Mary smiled evenly, clearly delighted by my repartee. “I love a crowded ball as well, Papa, but perhaps the specter of 73 million Turks is a bit more…”
“Seventy three million Turks! Where? Here? We haven’t got enough nearly enough spoons.”
In came Carson, carrying a tray with my tea. He set it down. “Telephone call for you Sir. Your stockbroker.”
“Good morning,” I said.
“How are you, sir?”
“I’m well, but you sound like you’ve got a bit of the blue devils!”
He coughed drily. “I’m afraid I have some bad news for you about your portfolio, Sir,” he said.
“Well it can’t be as bad as all that,” I said.

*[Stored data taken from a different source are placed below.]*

(* Let $K$ be a field of characteristic zero and $n\ge1$, and regard $\mathbb{S}_n\subseteq{\rm End}_K(P_n)$. Then (1) $1+F_n\subseteq\mathcal{C}(P_n)_0$, and (2) $\mathbb{S}_n^*+F_n\subseteq\mathcal{C}(P_n)_0$.
   Context: $\mathbb{S}_n$ is the $K$-algebra generated by $x_1,\dots,x_n,y_1,\dots,y_n$ with defining relations $y_ix_i=1$ and $[x_i,y_j]=[x_i,x_j]=[y_i,y_j]=0$ for $i\ne j$; it acts faithfully on $P_n=K[x_1,\dots,x_n]$ by $x_i*x^\alpha=x^{\alpha+e_i}$, $y_i*x^\alpha=x^{\alpha-e_i}$ if $\alpha_i>0$ and $0$ otherwise. $F_n$ is the ideal of $\mathbb{S}_n$ spanned by all $\prod_{i=1}^n(x_i^{\alpha_i}y_i^{\beta_i}-x_i^{\alpha_i+1}y_i^{\beta_i+1})$, $\alpha,\beta\in\mathbb{N}^n$. $\mathbb{S}_n^*$ is the group of units of $\mathbb{S}_n$. $\mathcal{C}(P_n)_0$ is the set of $K$-linear maps $\varphi:P_n\to P_n$ with finite-dimensional kernel and cokernel and index ${\rm ind}(\varphi)=\dim\ker\varphi-\dim{\rm coker}\,\varphi=0$. *)

theory Defs
  imports Complex_Main "HOL-Library.Poly_Mapping"
begin

(* P_n = K[x_i : i \<in> 'n]: finitely supported coefficient functions on monomials
   x^\<alpha>, \<alpha> :: 'n \<Rightarrow> nat.  The finite index type 'n plays the role of {1..n}
   (types are nonempty, so n \<ge> 1). *)
type_synonym ('n, 'k) Pn = "('n \<Rightarrow> nat) \<Rightarrow>\<^sub>0 'k"

definition scal :: "'k::field \<Rightarrow> ('n, 'k) Pn \<Rightarrow> ('n, 'k) Pn" where
  "scal c p = Poly_Mapping.map (\<lambda>a. c * a) p"

(* action of x_i:  x_i * x^\<alpha> = x^(\<alpha>+e_i) *)
definition Xop :: "'n \<Rightarrow> ('n, 'k::field) Pn \<Rightarrow> ('n, 'k) Pn" where
  "Xop i p = Abs_poly_mapping
     (\<lambda>\<alpha>. if 0 < \<alpha> i then Poly_Mapping.lookup p (\<alpha>(i := \<alpha> i - 1)) else 0)"

(* action of y_i:  y_i * x^\<alpha> = x^(\<alpha>-e_i) if \<alpha>_i > 0, else 0 *)
definition Yop :: "'n \<Rightarrow> ('n, 'k::field) Pn \<Rightarrow> ('n, 'k) Pn" where
  "Yop i p = Abs_poly_mapping (\<lambda>\<alpha>. Poly_Mapping.lookup p (\<alpha>(i := Suc (\<alpha> i))))"
(* Let $\mathcal G$ be a good pseudogroup on a compact metric space $X$ with good generating set $\mathcal G_1$, and suppose the compacted generating set $\mathcal G_2$ is symmetric. Then every Borel probability measure $\mu$ on $X$ which is $\mathcal G$-invariant, ergodic and $(\mathcal G,\mathcal G_2)$-homogeneous, and whose local upper measure entropy $\overline{h}_\mu((\mathcal G,\mathcal G_2),x)$ is positive for every $x\in X$, is $(\mathcal G,\mathcal G_1)$-expansive.
   Context: $\mathrm{Homeo}(X)$: homeomorphisms $g:D_g\to R_g$ between open subsets of $X$, composed on natural domains $D_{h\circ g}=g^{-1}(D_h)$; $g(A)$ means $g(A\cap D_g)$. A pseudogroup is a subset of $\mathrm{Homeo}(X)$ containing $\mathrm{id}_X$, closed under composition, inversion, restriction to open subsets, and gluing along open covers of the domain. $\Gamma$ generates $\mathcal G$ if $\bigcup_{g\in\Gamma}(D_g\cup R_g)=X$ and $\mathcal G$ is exactly the set of $g\in\mathrm{Homeo}(X)$ locally equal near each point of $D_g$ to a finite composition of elements of $\Gamma$ and their inverses; $\Gamma$ is symmetric if it contains $\mathrm{id}_X$ and is closed under inverses. A finite symmetric generating set $\mathcal G_1$ is good if for each $g\in\mathcal G_1$ there is a compact $K_g\subset D_g$ such that $\mathcal G_2=\{g|_{\mathrm{int}(K_g)}:g\in\mathcal G_1\}$ still generates $\mathcal G$ ($\mathcal G_2$ is the compacted generating set; $\mathcal G$ is good if it has a good generating set). For $i=1,2$: $\mathcal G^i_n=\{h_1\circ\cdots\circ h_n:h_j\in\mathcal G_i\}$, $\mathcal G^{i,x}_n=\{g\in\mathcal G^i_n:x\in D_g\}$, $B^i_n(x,\varepsilon)=\{y:d(g(x),g(y))<\varepsilon\ \forall g\in\mathcal G^{i,x}_n\cap\mathcal G^{i,y}_n\}$, $\Phi^i_\delta(x)=\{y:d(g(x),g(y))\le\delta\ \forall n,\ \forall g\in\mathcal G^{i,x}_n\cap\mathcal G^{i,y}_n\}$. $\mu$ is $\mathcal G$-invariant if $\mu(g(A))=\mu(A)$ for all $g\in\mathcal G$ and Borel $A\subset D_g$; it is ergodic if every Borel $A$ with $g(A\cap D_g)\subset A$ for all $g\in\mathcal G$ has $\mu(A)\in\{0,1\}$. $\mu$ is $(\mathcal G,\mathcal G_2)$-homogeneous if $\mu(K)<\infty$ for compact $K$, some compact $K_0$ has $\mu(K_0)>0$, and for every $\varepsilon>0$ there are $\delta,c>0$ with $\mu(B^2_n(y,\delta))\le c\,\mu(B^2_n(x,\varepsilon))$ for all $n,x,y$. $\overline{h}_\mu((\mathcal G,\mathcal G_2),x)=\lim_{\varepsilon\to0}\limsup_{n\to\infty}-\frac1n\log\mu(B^2_n(x,\varepsilon))$. $\mu$ is $(\mathcal G,\mathcal G_1)$-expansive if there is $\delta>0$ with $\mu(\Phi^1_\delta(x))=0$ for all $x\in X$. *)

theory Defs
  imports "HOL-Probability.Probability"
begin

“I am afraid if I did not impress upon you quite how bad I wouldn’t be doing my job.”
I stiffened. “When I lost the Canadian railroad money you said these very words.”
“I am well aware,” he said. “No money for new scripts. You should see Julian Fellowes’ portfolio.”
I said I would rather not. I ascended the stairs with less exuberance than I had descended them not a quarter hour ago.
Lady Grantham was still in bed fretting in a silky coat as it seemed to be her profession.
“Cora!” I cried. “Why didn’t you explain to me what we were doing in town yesterday?”
She patted the coverlet and I sank into the bed and gratefully into her arms as I told her about the conversation with my broker.
“I am quite afraid I voted—and these are Mary’s words—like a peasant. Does that make me a peasant?”
“I don’t know, Robert,” she said. “How much exactly did we lose?”
I showed her.
“I suppose you are. I suppose we both are.”
I just stared at the ceiling plaster and tried to think about how this awful thing had happened, aside of course from my writing “Leave” on that slip of paper because I thought it just meant we could get home in time for Sherry. But so many other people had also written “Leave,” with presumably some understanding of why they were doing so! “Was no one warned of the mayhem!” I shouted.
“People were,” Cora said, patting me. “People were.”
I had the most chilling thought. “You don’t think all those people with nothing to lose would be so daft as to simply want to make things bad for people who do?”
Cora said nothing. We stayed in silence for a while. After a while I summoned the strength to speak. “We always had such wonderful Christmas parties.”
“I know, Robert,” she sighed. “We did.”
“Everyone got a glass of real Champagne. Why would anyone want to sacrifice that?”